The kindergarten period in particular is often recognized as an optimal time to foster and promote school engagement (Powell, Son, File, & San Juan, 2010), insomuch as parents' early school engagement may set the stage for long-term patterns of school-based involvement and relationships with the educational system (Beveridge, 2005, Malsch et al., 2011). Indeed, parents' school engagement during preschool and kindergarten has been linked to children's later academic and achievement outcomes, such that parents who demonstrate more school-based involvement and connection early on have children with better grades, attendance, homework completion, and state test results (Castro et al., 2004, Clements et al., 2004, Powell et al., 2010). Parents who have regular and direct contact with their children's schools and teachers, and who therefore model an appreciation for school engagement and learning, are more likely to have children who demonstrate positive engagement with learning and their schools (McWayne, Hampton, Fantuzzo, Cohen, & Sekino, 2004). Thus, parental engagement in children's education clearly benefits children's school success (Hoover-Dempsey and Sandler, 1997, McWayne et al., 2004).

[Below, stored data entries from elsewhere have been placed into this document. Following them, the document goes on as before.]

lemma concentrates_to_eventually_avoids:
  assumes "concentrates_to Ks K \<Omega>" "open \<Omega>" "K \<subseteq> \<Omega>" "compact C" "C \<subseteq> \<Omega> - K"
  shows "\<forall>\<^sub>F \<epsilon> in at_right 0. C \<subseteq> \<Omega> - Ks \<epsilon>"
proof -
  have "open (\<Omega> - C)" using assms(2,4) by (simp add: open_Diff compact_imp_closed)
  moreover have "K \<subseteq> \<Omega> - C" using assms(3,5) by blast
  ultimately have "\<exists>e>0. \<forall>\<epsilon>. 0 < \<epsilon> \<and> \<epsilon> < e \<longrightarrow> Ks \<epsilon> \<subseteq> \<Omega> - C"
    using assms(1) unfolding concentrates_to_def by blast
  then show ?thesis unfolding eventually_at_right_field using assms(5) by blast
qed

lemma cap_u_eventually_le:
  fixes \<Omega> K :: "'a::euclidean_space set" and Ks :: "real \<Rightarrow> 'a set"
  assumes "bounded \<Omega>" "open \<Omega>" "K \<subseteq> \<Omega>" "cap \<Omega> K = 0" "concentrates_to Ks K \<Omega>"
    and "H10_grad \<Omega> v gv" "\<delta> > 0"
  shows "\<forall>\<^sub>F \<epsilon> in at_right 0. \<forall>u gu. H10_grad \<Omega> u gu \<longrightarrow>
    cap_u \<Omega> (Ks \<epsilon>) u \<le> 2 * L2_sqnorm (\<lambda>x. gu x - gv x) + 2 * ennreal \<delta>"
proof -
  obtain w Gw where w: "cc1_fun (\<Omega> - K) w Gw" "L2_sqnorm (\<lambda>x. gv x - Gw x) \<le> ennreal \<delta>"
    using cap_zero_H10_grad_approx[OF assms(1,4,6,7)] by blast
  obtain C where C: "compact C" "C \<subseteq> \<Omega> - K" "\<And>x. x \<notin> C \<Longrightarrow> w x = 0" "\<And>x. x \<notin> C \<Longrightarrow> Gw x = 0"
    using cc1_fun_support[OF w(1)] by blast
  show ?thesis
    using concentrates_to_eventually_avoids[OF assms(5,2,3) C(1,2)]
  proof eventually_elim
    case (elim \<epsilon>)
    show ?case
    proof (intro allI impI)
      fix u gu assume u: "H10_grad \<Omega> u gu"
      have "cap_u \<Omega> (Ks \<epsilon>) u \<le> L2_sqnorm (\<lambda>x. gu x - Gw x)"
        by (rule cap_u_le_L2_sqnorm[OF u cc1_fun_supported_in[OF w(1) C(1) elim C(3)]])
      also have "\<dots> \<le> 2 * L2_sqnorm (\<lambda>x. gu x - gv x) + 2 * L2_sqnorm (\<lambda>x. gv x - Gw x)"
        using H10_grad_gradient_measurable[OF u] H10_grad_gradient_measurable[OF assms(6)]
          cc1_fun_gradient_measurable[OF w(1)]
        by (intro L2_sqnorm_triangle) (auto intro: order_trans[OF _ norm_triangle_ineq] simp: algebra_simps)
      also have "\<dots> \<le> 2 * L2_sqnorm (\<lambda>x. gu x - gv x) + 2 * ennreal \<delta>"
        using w(2) by (intro add_mono mult_left_mono) auto
      finally show "cap_u \<Omega> (Ks \<epsilon>) u \<le> 2 * L2_sqnorm (\<lambda>x. gu x - gv x) + 2 * ennreal \<delta>" .
    qed
  qed
qed

lemma chi_sq_eventually_le:
  fixes \<Omega> K :: "'a::euclidean_space set" and Ks :: "real \<Rightarrow> 'a set" and lam :: real
  assumes "bounded \<Omega>" "open \<Omega>" "K \<subseteq> \<Omega>" "cap \<Omega> K = 0" "concentrates_to Ks K \<Omega>" "\<delta> > 0"
  shows "\<forall>\<^sub>F \<epsilon> in at_right 0. chi_sq \<Omega> lam (Ks \<epsilon>) \<le> ennreal (4 * \<delta>)"
proof -
  define S where "S = {u. u \<in> dirichlet_eigenspace \<Omega> lam \<and> (\<integral>\<^sup>+ x. ennreal ((u x)\<^sup>2) \<partial>lborel) = 1}"
  define grad where "grad u = (SOME g. dirichlet_eigenfunction \<Omega> lam u g)" for u
  have grad: "dirichlet_eigenfunction \<Omega> lam u (grad u)" if "u \<in> S" for u
    using that someI_ex[of "dirichlet_eigenfunction \<Omega> lam u"]
    unfolding S_def grad_def mem_dirichlet_eigenspace_iff by blast
  then have H: "H10_grad \<Omega> u (grad u)" if "u \<in> S" for u
    using that unfolding dirichlet_eigenfunction_def by blast
  obtain F where F: "finite F" "F \<subseteq> S" and net: "\<forall>u\<in>S. \<exists>v\<in>F. \<forall>gu gv.
      dirichlet_eigenfunction \<Omega> lam u gu \<longrightarrow> dirichlet_eigenfunction \<Omega> lam v gv \<longrightarrow>
      L2_sqnorm (\<lambda>x. gu x - gv x) \<le> ennreal \<delta>"
    using dirichlet_eigenfunctions_finite_energy_net[OF assms(1,2,6), of lam] unfolding S_def by blast
  have "\<forall>\<^sub>F \<epsilon> in at_right 0. \<forall>v\<in>F. \<forall>u gu. H10_grad \<Omega> u gu \<longrightarrow>
      cap_u \<Omega> (Ks \<epsilon>) u \<le> 2 * L2_sqnorm (\<lambda>x. gu x - grad v x) + 2 * ennreal \<delta>"
    using F by (intro eventually_ball_finite ballI cap_u_eventually_le[OF assms(1-5) H assms(6)]) auto
  then show ?thesis
  proof eventually_elim
    case (elim \<epsilon>)
    show ?case unfolding chi_sq_def
    proof (rule Sup_least, clarify)
      fix u assume "u \<in> dirichlet_eigenspace \<Omega> lam" "(\<integral>\<^sup>+ x. ennreal ((u x)\<^sup>2) \<partial>lborel) = 1"
      then have u: "u \<in> S" unfolding S_def by blast
      then obtain v where v: "v \<in> F" "L2_sqnorm (\<lambda>x. grad u x - grad v x) \<le> ennreal \<delta>"
        using net grad F(2) by blast
      have "cap_u \<Omega> (Ks \<epsilon>) u \<le> 2 * L2_sqnorm (\<lambda>x. grad u x - grad v x) + 2 * ennreal \<delta>"
        using elim v(1) H[OF u] by blast
      also have "\<dots> \<le> 2 * ennreal \<delta> + 2 * ennreal \<delta>"
        using v(2) by (intro add_mono mult_left_mono) auto
      also have "\<dots> = ennreal (4 * \<delta>)"
        using assms(6) by (subst ennreal_numeral_mult_add) auto
      finally show "cap_u \<Omega> (Ks \<epsilon>) u \<le> ennreal (4 * \<delta>)" .
    qed
  qed
qed
lemma Inter_prepared_nbhds_subset:
  fixes g :: "real^3^3"
  defines "f \<equiv> \<lambda>v. g *v v"
  assumes g: "invertible g" and L0: "is_line L0" "f ` L0 = L0"
    and planes: "m > 0" "\<And>H. subspace H \<Longrightarrow> L0 \<subseteq> H \<Longrightarrow> (f ^^ m) ` H = H"
    and X: "X \<subseteq> RP2" "act g X = X" "L0 \<notin> X"
  shows "\<Inter>{A. prepared_nbhd g L0 X A} \<subseteq> (\<Union>x\<in>X. projset (span (x \<union> L0)))"
    (is "_ \<subseteq> ?B")
proof (cases "X = {}")
  case True
  then have "prepared_nbhd g L0 X {}" by (simp add: prepared_nbhd_def act_def)
  then show ?thesis by blast
next
  case False
  then have "L0 \<in> ?B" using in_projset_span_Un[of L0] L0(1) by (auto simp: RP2_def Un_commute)
  show ?thesis
  proof
    fix y assume y: "y \<in> \<Inter>{A. prepared_nbhd g L0 X A}"
    then have "y \<in> RP2" using prepared_nbhd_RP2[OF g L0[unfolded f_def] X(1)] by blast
    show "y \<in> ?B"
    proof (rule ccontr)
      assume "y \<notin> ?B"
      then have "y \<noteq> L0" using \<open>L0 \<in> ?B\<close> by blast
      have "\<not> x \<subseteq> span (y \<union> L0)" if "x \<in> X" for x
      proof
        assume "x \<subseteq> span (y \<union> L0)"
        then have "y \<subseteq> span (x \<union> L0)"
          using is_line_subset_span_swap[of y x L0] that X \<open>y \<in> RP2\<close> \<open>y \<noteq> L0\<close> L0(1)
          by (auto simp: RP2_def)
        then show False using \<open>y \<notin> ?B\<close> \<open>y \<in> RP2\<close> that by (auto simp: projset_def)
      qed
      moreover have "L0 \<subseteq> span (y \<union> L0)" "y \<subseteq> span (y \<union> L0)"
        by (meson span_superset Un_subset_iff)+
      ultimately obtain A
        where "prepared_nbhd g L0 X A" "\<And>z. z \<in> A \<Longrightarrow> z \<subseteq> span (y \<union> L0) \<Longrightarrow> z = L0"
        using prepared_nbhd_avoiding_subspace[OF g L0[unfolded f_def] planes(1)] planes(2) X
        by (metis f_def subspace_span)
      then show False using y \<open>y \<noteq> L0\<close> \<open>y \<subseteq> span (y \<union> L0)\<close> by blast
    qed
  qed
qed

lemma linear_funpow:
  fixes f :: "'a::real_vector \<Rightarrow> 'a"
  shows "linear f \<Longrightarrow> linear (f ^^ k)"
  by (induction k) (auto simp: linear_id intro: linear_compose)

lemma linear_inj_image_subspace_eq:
  fixes f :: "'a::euclidean_space \<Rightarrow> 'a"
  assumes "linear f" "inj f" "subspace S" "f ` S \<subseteq> S"
  shows "f ` S = S"
proof -
  have "dim (f ` S) = dim S" using assms(1,2) by (simp add: dim_image_eq inj_on_subset)
  moreover have "subspace (f ` S)" using assms(1,3) by (rule linear_subspace_image)
  ultimately show ?thesis using assms(3,4) subspace_dim_equal by (metis order_refl)
qed

lemma subspace_eigenspace: "linear f \<Longrightarrow> subspace {v. f v - c *\<^sub>R v = 0}"
  unfolding subspace_def by (simp add: linear_0 linear_add linear_scale algebra_simps)

lemma eigenspaces_Int:
  assumes "linear f" "a \<noteq> b"
  shows "{v. f v - a *\<^sub>R v = 0} \<inter> {v. f v - b *\<^sub>R v = 0} = {0}"
proof
  show "{v. f v - a *\<^sub>R v = 0} \<inter> {v. f v - b *\<^sub>R v = 0} \<subseteq> {0}"
  proof
    fix v assume "v \<in> {v. f v - a *\<^sub>R v = 0} \<inter> {v. f v - b *\<^sub>R v = 0}"
    then have "f v = a *\<^sub>R v" "f v = b *\<^sub>R v" by auto
    then have "a *\<^sub>R v = b *\<^sub>R v" by metis
    then show "v \<in> {0}" using assms(2) by (simp add: scaleR_cancel_right)
  qed
  show "{0} \<subseteq> {v. f v - a *\<^sub>R v = 0} \<inter> {v. f v - b *\<^sub>R v = 0}"
    using linear_0[OF assms(1)] by simp
qed

lemma eigenspace_funpow_image:
  fixes f :: "'a::euclidean_space \<Rightarrow> 'a"
  assumes "linear f" "inj f"
  shows "f ` {v. (f ^^ m) v - c *\<^sub>R v = 0} = {v. (f ^^ m) v - c *\<^sub>R v = 0}"
proof (rule linear_inj_image_subspace_eq[OF assms
      subspace_eigenspace[OF linear_funpow[OF assms(1)]]])
  show "f ` {v. (f ^^ m) v - c *\<^sub>R v = 0} \<subseteq> {v. (f ^^ m) v - c *\<^sub>R v = 0}"
  proof
    fix w assume "w \<in> f ` {v. (f ^^ m) v - c *\<^sub>R v = 0}"
    then obtain v where v: "(f ^^ m) v = c *\<^sub>R v" "w = f v" by auto
    have "(f ^^ m) w = f ((f ^^ m) v)" using v(2) by (simp add: funpow_swap1)
    also have "\<dots> = c *\<^sub>R w" using v assms by (simp add: linear_scale)
    finally show "w \<in> {v. (f ^^ m) v - c *\<^sub>R v = 0}" by simp
  qed
qed

lemma subspace_sums_eq_UNIV:
  fixes P L :: "'a::euclidean_space set"
  assumes "subspace P" "subspace L" "P \<inter> L = {0}" "dim P + dim L = DIM('a)"
  shows "\<exists>p\<in>P. \<exists>l\<in>L. v = p + l"
proof -
  define S where "S = {p + l |p l. p \<in> P \<and> l \<in> L}"
  have "dim S = DIM('a)"
    using dim_sums_Int[OF assms(1,2)] assms(3,4) by (simp add: S_def)
  moreover have "subspace S" unfolding S_def by (rule subspace_sums[OF assms(1,2)])
  ultimately have "S = UNIV" by (metis dim_eq_full span_eq_iff)
  then show ?thesis unfolding S_def by blast
qed

lemma eigen_decomposition_image_subspace_subset:
  assumes "linear F" "\<And>p. p \<in> P \<Longrightarrow> F p = a *\<^sub>R p" "\<And>l. l \<in> L \<Longrightarrow> F l = b *\<^sub>R l"
    and "\<And>v. \<exists>p\<in>P. \<exists>l\<in>L. v = p + l" and "subspace H" "L \<subseteq> H"
  shows "F ` H \<subseteq> H"
proof
  fix w assume "w \<in> F ` H"
  then obtain v where v: "v \<in> H" "w = F v" by auto
  obtain p l where pl: "p \<in> P" "l \<in> L" "v = p + l" using assms(4) by blast
  have "F v = a *\<^sub>R v + (b - a) *\<^sub>R l"
    using pl assms(2,3) linear_add[OF assms(1)] by (simp add: algebra_simps)
  then show "w \<in> H"
    using v pl assms(5,6) by (auto simp: subspace_add subspace_scale)
qed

There are several dimensions of parent engagement in children's education, including school-based involvement (e.g., volunteering), the parent–teacher relationship, and home-based involvement (e.g., help with homework; Waanders, Mendez, & Downer, 2007). In this paper, we focus on parents' involvement in the school context, as well as their relationships with teachers; we do not assess parents' home-based involvement, in part because of the young age of the sample. We also examine parents' overall endorsement of their child's school (i.e., school satisfaction). We examine these outcomes in 103 adoptive parent couples: 35 female same-sex, 28 male same-sex, and 40 heterosexual adoptive couples, based on data from 68 sexual minority women, 54 sexual minority men, 35 heterosexual men, and 39 heterosexual women.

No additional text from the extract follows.